Re: char set encodings from Martin J Duerst on 1996-05-24 (www-font@w3.org from April to June 1996)

From: Martin J Duerst <mduerst@ifi.unizh.ch>
Date: Fri, 24 May 1996 14:20:18 +0200 (MET DST)
To: boo@best.com (Walter Ian Kaye)
Cc: www-font@w3.org
Message-Id: <"josef.ifi..265:24.04.96.12.20.22"@ifi.unizh.ch>
Walter Ian Kaye wrote:

>At 4:56p  -0400 05/23/96, Rob Migliore wrote:
>
>>We provide data in several languages such as english, polish, and
>russian 
>>and install the necessary fonts on our clients' systems (running ns 
>>2.02).  We would like to encode our documents of another language in a
>>way that changes the font or the character set automatically without 
>>having to switch to options, etc.  Actually, I believe that we would
>want to change the character set.  Can anyone comment on this?  

Definitely the "charset", which is a well used but very inappropriate
name in MIME to denote encodings of characters.

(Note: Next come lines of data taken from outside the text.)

lemma ratio_raw_tendsto: "\<exists>R. (ratio_raw z z' \<longlongrightarrow> R) (at 1)"
proof -
  define h where "h w = w powr ((z - z')/2) - w powr (-((z - z')/2))" for w :: complex
  have "h holomorphic_on {w. 0 < Re w}"
    unfolding h_def by (intro holomorphic_intros) (auto simp: complex_nonpos_Reals_iff)
  then have h: "((\<lambda>t. (h (of_real t) - h (of_real 1)) / (of_real t - of_real 1)) \<longlongrightarrow> deriv h 1) (at 1)"
    using holomorphic_on_real_difference_quotient_tendsto[OF _ open_halfspace_Re_gt, of h 0 1] by simp
  have "\<forall>\<^sub>F t in at (1::real). 0 < t" by (rule order_tendstoD(1)[OF tendsto_ident_at]) simp
  then have eq: "\<forall>\<^sub>F t in at (1::real). of_real (sqrt t) * ((h (of_real t) - h (of_real 1)) / (of_real t - of_real 1))
      = ratio_raw z z' t"
  proof (rule eventually_mono)
    fix t :: real assume t: "0 < t"
    have den: "(of_real t :: complex) powr (1/2) - of_real t powr (-1/2) = (of_real t - 1) / of_real (sqrt t)"
      unfolding of_real_powr_half[OF less_imp_le[OF t]] of_real_powr_minus_half[OF less_imp_le[OF t]]
      using arg_cong[OF sqrt_sub_inverse_sqrt[OF t], of "of_real :: real \<Rightarrow> complex"] by simp
    have minus: "(z' - z)/2 = -((z - z')/2)" by (simp add: field_simps)
    show "of_real (sqrt t) * ((h (of_real t) - h (of_real 1)) / (of_real t - of_real 1))
        = ratio_raw z z' t"
      unfolding ratio_raw_def h_def minus den by simp
  qed
  have "((\<lambda>t. of_real (sqrt t) * ((h (of_real t) - h (of_real 1)) / (of_real t - of_real 1)))
      \<longlongrightarrow> of_real (sqrt 1) * deriv h 1) (at (1::real))"
    by (intro tendsto_intros h)
  from Lim_transform_eventually[OF this eq] show ?thesis ..
qed

lemma r_prime_offdiag:
  assumes "0 < x" "0 < y" "x \<noteq> y"
  shows "r_prime z z' x y = of_real (sqrt (x * y)) * whittaker_kernel_offdiag z z' x y
    - sin (of_real pi * z) * sin (of_real pi * z') / (of_real pi * sin (of_real pi * (z - z')))
      * ratio_raw z z' (x / y)"
  using assms by (simp add: r_prime_def whittaker_kernel_def main_term_def ratio_fun_def)

lemma r_prime_tendsto_diagonal:
  assumes "0 < x"
  shows "((\<lambda>y. r_prime z z' x y) \<longlongrightarrow> r_prime z z' x x) (at x)"
proof -
  obtain K where K: "(whittaker_kernel_offdiag z z' x \<longlongrightarrow> K) (at x)"
    using whittaker_kernel_offdiag_tendsto[OF assms] by blast
  obtain R where R: "(ratio_raw z z' \<longlongrightarrow> R) (at 1)"
    using ratio_raw_tendsto by blast
  have diagonal: "r_prime z z' x x = of_real (sqrt (x * x)) * K
      - sin (of_real pi * z) * sin (of_real pi * z') / (of_real pi * sin (of_real pi * (z - z'))) * R"
    using K R assms by (simp add: r_prime_def whittaker_kernel_def main_term_def ratio_fun_def tendsto_Lim)
  have "filterlim (\<lambda>y. x / y) (at 1) (at x)"
    unfolding filterlim_at
  proof
    show "\<forall>\<^sub>F y in at x. x / y \<in> UNIV \<and> x / y \<noteq> 1"
      using assms by (auto simp: eventually_at_filter)
    show "((\<lambda>y. x / y) \<longlongrightarrow> 1) (at x)"
    proof -
      have "((\<lambda>y. x / y) \<longlongrightarrow> x / x) (at x)" using assms by (intro tendsto_intros) auto
      then show ?thesis using assms by simp
    qed
  qed
  then have lim: "((\<lambda>y. of_real (sqrt (x * y)) * whittaker_kernel_offdiag z z' x y
      - sin (of_real pi * z) * sin (of_real pi * z') / (of_real pi * sin (of_real pi * (z - z')))
        * ratio_raw z z' (x / y)) \<longlongrightarrow> r_prime z z' x x) (at x)"
    unfolding diagonal by (intro tendsto_intros K filterlim_compose[OF R])
  have "\<forall>\<^sub>F y in at x. 0 < y" by (rule order_tendstoD(1)[OF tendsto_ident_at assms])
  moreover have "\<forall>\<^sub>F y in at x. y \<noteq> x" by (simp add: eventually_at_filter)
  ultimately have "\<forall>\<^sub>F y in at x. of_real (sqrt (x * y)) * whittaker_kernel_offdiag z z' x y
      - sin (of_real pi * z) * sin (of_real pi * z') / (of_real pi * sin (of_real pi * (z - z')))
        * ratio_raw z z' (x / y) = r_prime z z' x y"
    by eventually_elim (use assms in \<open>auto simp: r_prime_offdiag\<close>)
  with lim show ?thesis by (rule Lim_transform_eventually)
qed

lemma r_prime_bound:
  fixes z z' :: complex
  assumes "\<bar>Re z - Re z'\<bar> \<le> 1" "z \<noteq> z'"
  obtains C where "\<And>x y. 0 < x \<Longrightarrow> x < 1 \<Longrightarrow> 0 < y \<Longrightarrow> y < 1 \<Longrightarrow>
    norm (r_prime z z' x y) \<le> C * max x y powr (1 - \<bar>Re z - Re z'\<bar>)"
proof -
  define e where "e = 1 - \<bar>Re z - Re z'\<bar>"
  obtain C where C: "\<And>x y. 0 < x \<Longrightarrow> x \<le> 1 \<Longrightarrow> 0 < y \<Longrightarrow> y \<le> 1 \<Longrightarrow> x \<noteq> y \<Longrightarrow>
      norm (r_prime z z' x y) \<le> C * max x y powr e"
    using whittaker_kernel_offdiag_main_term_bound[OF assms] unfolding e_def
    by (metis r_prime_offdiag)
  have "norm (r_prime z z' x y) \<le> C * max x y powr e" if x: "0 < x" "x < 1" and y: "0 < y" "y < 1" for x y
  proof (cases "x = y")
    case False
    with C x y show ?thesis by simp
  next
    case True
    have "\<forall>\<^sub>F y' in at x. 0 < y'" by (rule order_tendstoD(1)[OF tendsto_ident_at x(1)])
    moreover have "\<forall>\<^sub>F y' in at x. y' < 1" by (rule order_tendstoD(2)[OF tendsto_ident_at x(2)])
    moreover have "\<forall>\<^sub>F y' in at x. y' \<noteq> x" by (simp add: eventually_at_filter)
    ultimately have "\<forall>\<^sub>F y' in at x. norm (r_prime z z' x y') \<le> C * max x y' powr e"
      by eventually_elim (use C x in auto)
    moreover have "((\<lambda>y'. C * max x y' powr e) \<longlongrightarrow> C * max x x powr e) (at x)"
      using x by (intro tendsto_intros) auto
    ultimately have "norm (r_prime z z' x x) \<le> C * max x x powr e"
      using tendsto_norm[OF r_prime_tendsto_diagonal[OF x(1)]] by (intro tendsto_le[OF trivial_limit_at])
    with True show ?thesis by simp
  qed
  then show thesis unfolding e_def by (rule that)
qed

lemma admissible_abs_Re_diff_less:
  assumes "admissible z z'"
  shows "\<bar>Re z - Re z'\<bar> < 1"
  using assms unfolding admissible_def by auto

theorem proposition4p1p3:
  fixes z z' :: complex
  assumes "admissible z z'" and "z \<noteq> z'"
  shows "(\<forall>x y. x > 0 \<longrightarrow> y > 0 \<longrightarrow>
            whittaker_kernel z z' x y =
              (main_term z z' x y + r_prime z z' x y) / of_real (sqrt (x * y)))
       \<and> (z' = cnj z \<longrightarrow>
            (\<exists>C \<delta>. \<delta> > 0 \<and> (\<forall>x y. 0 < x \<longrightarrow> x < \<delta> \<longrightarrow> 0 < y \<longrightarrow> y < \<delta> \<longrightarrow>
               norm (r_prime z z' x y) \<le> C * max x y)))
       \<and> ((\<exists>m::int. z \<in> \<real> \<and> z' \<in> \<real> \<and> of_int m < Re z \<and> Re z < of_int m + 1 \<and>
                    of_int m < Re z' \<and> Re z' < of_int m + 1) \<longrightarrow>
            (\<exists>C \<delta>. \<delta> > 0 \<and> (\<forall>x y. 0 < x \<longrightarrow> x < \<delta> \<longrightarrow> 0 < y \<longrightarrow> y < \<delta> \<longrightarrow>
               norm (r_prime z z' x y) \<le> C * max x y powr (1 - \<bar>Re z - Re z'\<bar>))))"
proof -
  have "\<bar>Re z - Re z'\<bar> \<le> 1" using admissible_abs_Re_diff_less[OF assms(1)] by simp
  then obtain C where C: "\<And>x y. 0 < x \<Longrightarrow> x < 1 \<Longrightarrow> 0 < y \<Longrightarrow> y < 1 \<Longrightarrow>
      norm (r_prime z z' x y) \<le> C * max x y powr (1 - \<bar>Re z - Re z'\<bar>)"
    using r_prime_bound assms(2) by blast
  have decomposition: "whittaker_kernel z z' x y = (main_term z z' x y + r_prime z z' x y) / of_real (sqrt (x * y))"
    if "0 < x" "0 < y" for x y
    using that by (simp add: r_prime_def)
  have conjugate_case: "norm (r_prime z z' x y) \<le> C * max x y"
    if "z' = cnj z" "0 < x" "x < 1" "0 < y" "y < 1" for x y
    using C[OF that(2-)] that by simp
  show ?thesis
    using decomposition conjugate_case C by (intro conjI impI allI exI[of _ C] exI[of _ 1]) auto
qed

end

Please don't use
fonts to switch between different encodings, it might work in some
cases, but will give you big headaches in the future.

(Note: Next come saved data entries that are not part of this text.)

theorem proposition18:
  fixes mX :: "'x::finite \<Rightarrow> 'x pmf" and nuX :: "'x pmf"
    and mY :: "'y::finite \<Rightarrow> 'y pmf" and nuY :: "'y pmf"
    and C :: "'x \<Rightarrow> 'y \<Rightarrow> real" and \<delta> :: real and k :: nat
  assumes "\<And>x y. C x y \<ge> 0"
    and "0 \<le> \<delta>" and "\<delta> \<le> 1"
  shows "dWL \<delta> k mX nuX mY nuY C = dW nuX nuY (Cdelta \<delta> mX mY C k)"
proof -
  note C = assms(1) and \<delta> = assms(2,3)
  let ?Ck = "Cdelta \<delta> mX mY C k"
  define path_cost where "path_cost c =
    measure_pmf.expectation (path_law (fst c) (snd c) k) (discounted_cost \<delta> (case_prod C) k)"
    for c :: "('x \<times> 'y) pmf \<times> (nat \<Rightarrow> 'x \<times> 'y \<Rightarrow> ('x \<times> 'y) pmf)"
  have dWL_eq: "dWL \<delta> k mX nuX mY nuY C =
      (INF c \<in> couplings nuX nuY \<times> coupling_kernels mX mY. path_cost c)"
    by (simp add: dWL_def path_cost_def discounted_cost_def[abs_def] markov_couplings_eq_Times
        case_prod_beta)
  have dW_le_path_cost: "dW nuX nuY ?Ck \<le> path_cost (\<pi>0, K)"
    if "\<pi>0 \<in> couplings nuX nuY" "K \<in> coupling_kernels mX mY" for \<pi>0 K
    unfolding path_cost_def fst_conv snd_conv
    by (rule order_trans[OF dW_le_expectation[OF Cdelta_nonneg[OF C \<delta>] that(1)]
          expectation_Cdelta_le_path_cost[OF C \<delta> that(2)]])
  show ?thesis
  proof (rule antisym)
    show "dWL \<delta> k mX nuX mY nuY C \<le> dW nuX nuY ?Ck"
    proof (rule field_le_epsilon)
      fix \<epsilon> :: real
      assume "0 < \<epsilon>"
      obtain K where K: "K \<in> coupling_kernels mX mY"
        and K_cost: "\<And>\<pi>0. path_cost (\<pi>0, K) \<le> measure_pmf.expectation \<pi>0 (case_prod ?Ck) + \<epsilon>"
        using exists_coupling_kernel_path_cost_le[where C=C and mX=mX and mY=mY and k=k, OF C \<delta> \<open>0 < \<epsilon>\<close>]
        by (auto simp: path_cost_def)
      have "dWL \<delta> k mX nuX mY nuY C \<le> path_cost (\<pi>0, K)" if "\<pi>0 \<in> couplings nuX nuY" for \<pi>0
        unfolding dWL_eq using that K dW_le_path_cost by (intro cINF_lower bdd_belowI) auto
      with K_cost have "dWL \<delta> k mX nuX mY nuY C - \<epsilon> \<le> dW nuX nuY ?Ck"
        unfolding dW_def using pair_pmf_in_couplings
        by (intro cINF_greatest) (fastforce simp: algebra_simps intro: order_trans)+
      then show "dWL \<delta> k mX nuX mY nuY C \<le> dW nuX nuY ?Ck + \<epsilon>"
        by simp
    qed
    show "dW nuX nuY ?Ck \<le> dWL \<delta> k mX nuX mY nuY C"
    proof -
      have "couplings nuX nuY \<times> coupling_kernels mX mY \<noteq> {}"
        using pair_pmf_in_couplings product_kernel_in_coupling_kernels by blast
      then show ?thesis
        unfolding dWL_eq by (rule cINF_greatest) (auto intro: dW_le_path_cost)
    qed
  qed
qed

end
lemma proper_recolor_two_edges:
  assumes cub: "cubic G" and e1: "e1 \<in> edges G" "ends G e1 = {x1,y1}"
    and e2: "e2 \<in> edges G" "ends G e2 = {x2,y2}" and disj: "ends G e1 \<inter> ends G e2 = {}"
    and range: "\<And>f. f \<in> edges G - {e1,e2} \<Longrightarrow> c f \<in> {1..5}"
    and proper: "\<And>f f'. f \<in> edges G - {e1,e2} \<Longrightarrow> f' \<in> edges G - {e1,e2} \<Longrightarrow> f \<noteq> f' \<Longrightarrow>
       ends G f \<inter> ends G f' \<noteq> {} \<Longrightarrow> c f \<noteq> c f'"
  obtains c' where "proper_edge_coloring G 5 c'" "\<And>f. f \<noteq> e1 \<Longrightarrow> f \<noteq> e2 \<Longrightarrow> c' f = c f"
proof -
  have G: "multigraph G" using cub unfolding cubic_def by auto
  define N1 where "N1 = (incident G x1 \<union> incident G y1) - {e1}"
  define N2 where "N2 = (incident G x2 \<union> incident G y2) - {e2}"
  have N: "f \<in> N1" if "f \<in> edges G" "f \<noteq> e1" "ends G f \<inter> ends G e1 \<noteq> {}" for f
    using that e1 unfolding N1_def incident_def by auto
  have N': "f \<in> N2" if "f \<in> edges G" "f \<noteq> e2" "ends G f \<inter> ends G e2 \<noteq> {}" for f
    using that e2 unfolding N2_def incident_def by auto
  have "finite N1" "finite N2" unfolding N1_def N2_def using finite_incident[OF G] by auto
  then obtain d1 d2 where d1: "d1 \<in> {1..5}" "d1 \<notin> c ` N1" and d2: "d2 \<in> {1..5}" "d2 \<notin> c ` N2"
    using exists_free_color card_adjacent_edges_le4[OF cub e1] card_adjacent_edges_le4[OF cub e2]
    unfolding N1_def N2_def by meson
  have e12: "e1 \<noteq> e2" using disj e1(2) by auto
  define c' where "c' f = (if f = e1 then d1 else if f = e2 then d2 else c f)" for f
  have port: "c' f \<noteq> c' f'"
    if "f = e1 \<or> f = e2" "f' \<in> edges G" "f \<noteq> f'" "ends G f \<inter> ends G f' \<noteq> {}" for f f'
    using that N[of f'] N'[of f'] d1 d2 disj e12 unfolding c'_def by (auto simp: Int_commute)
  have "proper_edge_coloring G 5 c'"
    unfolding proper_edge_coloring_def
  proof (intro conjI ballI impI)
    fix f assume "f \<in> edges G"
    then show "c' f \<in> {1..5}" using d1 d2 range unfolding c'_def by auto
  next
    fix f f' assume f: "f \<in> edges G" "f' \<in> edges G" "f \<noteq> f' \<and> ends G f \<inter> ends G f' \<noteq> {}"
    show "c' f \<noteq> c' f'"
    proof (cases "f \<in> {e1,e2} \<or> f' \<in> {e1,e2}")
      case True
      then show ?thesis using port[of f f'] port[of f' f] f by (auto simp: Int_commute)
    next
      case False
      then show ?thesis using proper[of f f'] f unfolding c'_def by auto
    qed
  qed
  moreover have "c' f = c f" if "f \<noteq> e1" "f \<noteq> e2" for f using that unfolding c'_def by simp
  ultimately show ?thesis by (rule that)
qed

>>Some of these languages that we would be supporting are not supported
>>directly by ns2.02, they would have to be user defined.  Is it still 
>>possible to automate the switching of the fonts/character sets?
>
>>I've seen the META tag around as follows - does it work?
>
>>  <META HTTP-EQUIV="Content-Type" CONTENT="Text/Html;
>    Charset=iso2022-jp">

Yes, this is correct, and it works on Netscape (and a few other
not so well known browsers). Ideally, this information is sent
in the HTTP header, and not as part of the document, because
there are "charset"s where it is impossible to understand that
tag inside the document.


>First off, there is a difference between "language" and "character set".
>
>There are charsets *associated* with languages, but that's as far as it
>goes.
>
>
>For example, Netscape supports "charset=iso-8859-2" and
>"charset=x-mac-ce" for Central European languages. Note
>that this covers more than one language.

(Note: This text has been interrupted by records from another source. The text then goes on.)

(* Let $G$ be a graph of order $n\ge 9$. If $\tau(G)\le\frac{n}{2}$ and ${\rm diam}(G)=2$, then $\beta_p(G)\le n-3$.
   Context: All graphs are finite, simple, undirected and connected. Two vertices $u,v$ are twins if $N(u)\setminus\{v\}=N(v)\setminus\{u\}$; the twin number $\tau(G)$ is the maximum cardinality of an equivalence class of the twin relation. For a partition $\Pi=\{S_1,\dots,S_k\}$ of $V(G)$, $r(u|\Pi)=(d(u,S_1),\dots,d(u,S_k))$ with $d(u,S)=\min_{w\in S}d(u,w)$; $\Pi$ is locating if $r(u|\Pi)\ne r(v|\Pi)$ for all distinct $u,v$; $\beta_p(G)$ is the minimum size of a locating partition. *)

theory Defs
  imports Main
begin

definition simple_graph :: "'a set \<Rightarrow> ('a \<Rightarrow> 'a \<Rightarrow> bool) \<Rightarrow> bool" where
  "simple_graph V E \<longleftrightarrow> finite V \<and> V \<noteq> {} \<and>
     (\<forall>u v. E u v \<longrightarrow> u \<in> V \<and> v \<in> V) \<and>
     (\<forall>u v. E u v \<longrightarrow> E v u) \<and> (\<forall>u. \<not> E u u)"

definition walk :: "('a \<Rightarrow> 'a \<Rightarrow> bool) \<Rightarrow> 'a list \<Rightarrow> bool" where
  "walk E xs \<longleftrightarrow> xs \<noteq> [] \<and> (\<forall>i. Suc i < length xs \<longrightarrow> E (xs ! i) (xs ! Suc i))"

definition connected_graph :: "'a set \<Rightarrow> ('a \<Rightarrow> 'a \<Rightarrow> bool) \<Rightarrow> bool" where
  "connected_graph V E \<longleftrightarrow> (\<forall>u\<in>V. \<forall>v\<in>V. \<exists>xs. walk E xs \<and> hd xs = u \<and> last xs = v)"

definition gdist :: "('a \<Rightarrow> 'a \<Rightarrow> bool) \<Rightarrow> 'a \<Rightarrow> 'a \<Rightarrow> nat" where
  "gdist E u v = (LEAST k. \<exists>xs. walk E xs \<and> hd xs = u \<and> last xs = v \<and> length xs = Suc k)"

definition diam :: "'a set \<Rightarrow> ('a \<Rightarrow> 'a \<Rightarrow> bool) \<Rightarrow> nat" where
  "diam V E = Max {gdist E u v | u v. u \<in> V \<and> v \<in> V}"

definition nbhd :: "'a set \<Rightarrow> ('a \<Rightarrow> 'a \<Rightarrow> bool) \<Rightarrow> 'a \<Rightarrow> 'a set" where
  "nbhd V E u = {w \<in> V. E u w}"

definition twins :: "'a set \<Rightarrow> ('a \<Rightarrow> 'a \<Rightarrow> bool) \<Rightarrow> 'a \<Rightarrow> 'a \<Rightarrow> bool" where
  "twins V E u v \<longleftrightarrow> nbhd V E u - {v} = nbhd V E v - {u}"

definition twin_number :: "'a set \<Rightarrow> ('a \<Rightarrow> 'a \<Rightarrow> bool) \<Rightarrow> nat" where
  "twin_number V E = Max {card {v \<in> V. twins V E u v} | u. u \<in> V}"

definition set_dist :: "('a \<Rightarrow> 'a \<Rightarrow> bool) \<Rightarrow> 'a \<Rightarrow> 'a set \<Rightarrow> nat" where
  "set_dist E u S = Min (gdist E u ` S)"

definition is_partition :: "'a set \<Rightarrow> 'a set set \<Rightarrow> bool" where
  "is_partition V P \<longleftrightarrow> \<Union>P = V \<and> {} \<notin> P \<and>
     (\<forall>S\<in>P. \<forall>T\<in>P. S \<noteq> T \<longrightarrow> S \<inter> T = {})"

It may be nice help to the user that Netscape supports
x-mac-ce, but please help everywhere to do what fortunately
has worked for Western Europe, namely that only one single
encoding (i.e. "charset") is used. Different platforms currently
still use different local encodings, but for the web, it does
not help to just use your local "charset", or the one you
think might be most popular on target machines. The only
good solution is to stick to very few widely usable sets.
For Central Europe, this clearly would be iso-8859-2, as
it is iso-8859-1 for Western Europe (you don't have to
indicate this, as it is the default).
Ideally, in the future, there will be even less "charset"s,
if everybody is moving towards Unicode.


>You have to determine whether the characters used in Polish are covered
>by one of the supported charsets.

They should be supported by both of them. But please use
iso-8859-2 for wide compatibility.

>Unfortunately, Netscape only supports the character sets it has
>defined:
>
>"us-ascii",
>"iso-8859-1", "x-mac-roman", "iso-8859-2", "x-mac-ce", 
>              "iso-2022-jp","x-sjis", "x-euc-jp", 
>              "euc-kr", "iso-2022-kr", 
>              "gb2312", "gb_2312-80" 
>              "x-euc-tw", "x-cns11643-1", "x-cns11643-2", "big5"
>
>There's no way to use any others and have Netscape take advantage of
>it. So even if you found the name of a Russian character set (such as
>iso-8859-5,
>which I found in rfc1345), it wouldn't do you any good because Netscape
>would just ignore it.

The number of "charset"s that Netscape is supporting is increasing
with every version, maybe more than necessary. But definitely, they
should add iso-8859-5, and if you can convince them that you have
a wide enough market, I guess they might even make a special version
for you. While it is very difficult for an outsider to add an encoding,
it is rather easy for them, especially if the underlying OS already
supports it, which I assume is the case for you users.

<<--wants to know the charset names for MS Windows and Unix...

For the web, using "charset"s proprietary to some system is the
wrong thing to do. Please use only widely accepted and standardized
"charset"s, which means mainly the iso-8859-x series and some
others.

Regards,	Martin.
Received on Friday, 24 May 1996 08:21:51 UTC